The Cloak Room has been run for the past dozen years by a middle-aged woman known to the regulars simply as Bev. Her drinks are as stiff as her blond bouffant ‘do, and her rule is harsh and absolute. On more than one occasion I’ve thought I heard her mutter “asshole” as I carried drinks from the bar, but more often she says it so that anyone can hear. Early in the 2001 session, a young woman in the company of a lobbyist performed what bystanders delicately termed a brief “lap dance” for a House member seated near the bar. According to those present, the woman was wearing a short skirt and had opted, on this particular evening, to forgo undergarments. Bev came around the bar, shined a flashlight up the woman’s skirt, and handed down judgment swift and severe: The dance was over, as was the woman’s welcome in the bar.

But Bev’s reactions aren’t easy to predict. When the crowd gets thick at the end of the day, she’ll sometimes sit back and turn the operation over to “celebrity bartenders,” lawmakers familiar with the run of the place. When one House member, since retired, was tending bar a few years ago, he found the business too great for a much-needed break and saw no option but to relieve himself into the trash can behind the bar. By all accounts, it was a sloppy release, but it raised not a stir; customers shifted from mixed drinks to bottled beer, which they wisely asked to open themselves, and the night headed on.

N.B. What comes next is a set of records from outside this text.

lemma mesh_okD:
  assumes "mesh_ok S"
  shows "finite (elems S)" "finite (mfaces S)"
    and "\<tau> \<in> elems S \<Longrightarrow> compact \<tau>"
    and "\<tau> \<in> elems S \<Longrightarrow> 0 < measure lebesgue \<tau>"
    and "\<tau> \<in> elems S \<Longrightarrow> 0 < kappa S \<tau>"
    and "\<tau> \<in> elems S \<Longrightarrow> \<sigma> \<in> elems S \<Longrightarrow> \<tau> \<noteq> \<sigma> \<Longrightarrow> \<tau> \<inter> \<sigma> \<in> null_sets lebesgue"
    and "\<tau> \<in> elems S \<Longrightarrow> fcs S \<tau> \<subseteq> mfaces S"
    and "\<tau> \<in> elems S \<Longrightarrow> f \<in> fcs S \<tau> \<Longrightarrow> osgn S \<tau> f \<in> {-1, 1}"
    and "\<tau> \<in> elems S \<Longrightarrow> f \<in> fcs S \<tau> \<Longrightarrow> 0 < fdist S \<tau> f"
    and "f \<in> mfaces S \<Longrightarrow> 0 < farea S f"
    and "f \<in> mfaces S \<Longrightarrow> cells S f \<noteq> {}"
    and "f \<in> mfaces S \<Longrightarrow> card (cells S f) \<le> 2"
    and "f \<in> mfaces S \<Longrightarrow> \<tau> \<in> cells S f \<Longrightarrow> \<sigma> \<in> cells S f \<Longrightarrow> \<tau> \<noteq> \<sigma> \<Longrightarrow>
           osgn S \<tau> f = - osgn S \<sigma> f"
    and "\<tau> \<in> elems S \<Longrightarrow> \<sigma> \<in> elems S \<Longrightarrow>
           (\<tau>, \<sigma>) \<in> {(a, b). a \<in> elems S \<and> b \<in> elems S \<and> fcs S a \<inter> fcs S b \<noteq> {}}\<^sup>*"
proof -
  show "finite (elems S)" "finite (mfaces S)" using assms unfolding mesh_ok_def by blast+
  have E: "\<forall>\<tau> \<in> elems S. compact \<tau> \<and> measure lebesgue \<tau> > 0 \<and> kappa S \<tau> > 0"
    and N: "\<forall>\<tau>1 \<in> elems S. \<forall>\<tau>2 \<in> elems S. \<tau>1 \<noteq> \<tau>2 \<longrightarrow> \<tau>1 \<inter> \<tau>2 \<in> null_sets lebesgue"
    and Fc: "\<forall>\<tau> \<in> elems S. fcs S \<tau> \<subseteq> mfaces S"
    and O: "\<forall>\<tau> \<in> elems S. \<forall>f \<in> fcs S \<tau>. osgn S \<tau> f \<in> {-1, 1} \<and> fdist S \<tau> f > 0"
    and F: "\<forall>f \<in> mfaces S. farea S f > 0 \<and> 1 \<le> card (cells S f) \<and> card (cells S f) \<le> 2"
    and Sg: "\<forall>f \<in> mfaces S. \<forall>\<tau>1 \<in> cells S f. \<forall>\<tau>2 \<in> cells S f.
           \<tau>1 \<noteq> \<tau>2 \<longrightarrow> osgn S \<tau>1 f = - osgn S \<tau>2 f"
    and C: "\<forall>\<tau>1 \<in> elems S. \<forall>\<tau>2 \<in> elems S.
           (\<tau>1, \<tau>2) \<in> {(a, b). a \<in> elems S \<and> b \<in> elems S \<and> fcs S a \<inter> fcs S b \<noteq> {}}\<^sup>*"
    using assms unfolding mesh_ok_def by - (elim conjE; assumption)+
  show "\<tau> \<in> elems S \<Longrightarrow> compact \<tau>" "\<tau> \<in> elems S \<Longrightarrow> 0 < measure lebesgue \<tau>"
    "\<tau> \<in> elems S \<Longrightarrow> 0 < kappa S \<tau>" using E by blast+
  show "\<tau> \<in> elems S \<Longrightarrow> \<sigma> \<in> elems S \<Longrightarrow> \<tau> \<noteq> \<sigma> \<Longrightarrow> \<tau> \<inter> \<sigma> \<in> null_sets lebesgue"
    using N by blast
  show "\<tau> \<in> elems S \<Longrightarrow> fcs S \<tau> \<subseteq> mfaces S" using Fc by blast
  show "\<tau> \<in> elems S \<Longrightarrow> f \<in> fcs S \<tau> \<Longrightarrow> osgn S \<tau> f \<in> {-1, 1}"
    "\<tau> \<in> elems S \<Longrightarrow> f \<in> fcs S \<tau> \<Longrightarrow> 0 < fdist S \<tau> f" using O by blast+
  show "f \<in> mfaces S \<Longrightarrow> 0 < farea S f" "f \<in> mfaces S \<Longrightarrow> card (cells S f) \<le> 2"
    using F by blast+
  show "f \<in> mfaces S \<Longrightarrow> cells S f \<noteq> {}" using F by (metis card.empty not_one_le_zero)
  show "f \<in> mfaces S \<Longrightarrow> \<tau> \<in> cells S f \<Longrightarrow> \<sigma> \<in> cells S f \<Longrightarrow> \<tau> \<noteq> \<sigma> \<Longrightarrow>
      osgn S \<tau> f = - osgn S \<sigma> f" using Sg by blast
  show "\<tau> \<in> elems S \<Longrightarrow> \<sigma> \<in> elems S \<Longrightarrow>
      (\<tau>, \<sigma>) \<in> {(a, b). a \<in> elems S \<and> b \<in> elems S \<and> fcs S a \<inter> fcs S b \<noteq> {}}\<^sup>*"
    using C by blast
qed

According to legend, when House members got carried away during Laney’s reign as Speaker, Bev called him to let him know, and the members shaped up without another word said. Laney brushes such rumor aside. “Have you ever been in there?” he asked. “Bev takes care of things pretty well herself.”

Most nights she doesn’t need to. As crazy as the Cloak Room occasionally gets, it’s comfort, not chaos, that draws the pols in. A former legislative aide said that one night he saw most of the Texas Legislative Black Caucus, which is thoroughly Democratic, coming down the stairs just as he, a starched Republican drinking with some like-minded friends, finished punching most of Al Green’s greatest hits into the jukebox. He said the caucus’s timing was perfect. Tables were pushed into a corner and the barroom converted into a big dance party, the two groups blending into a single strutting mass.

That kind of confluence won’t occur on the floor of the House or of the Austin Club, but if the frequency with which it takes place at the Cloak Room is any indication, it has to happen somewhere. How fortunate for the Lege that it can happen in a bar that’s only an empty beer bottle’s throw from where they work. That way, after the pols take their taxi rides home at night, they won’t need to worry about fetching their cars the next morning. They’re already parked at the office.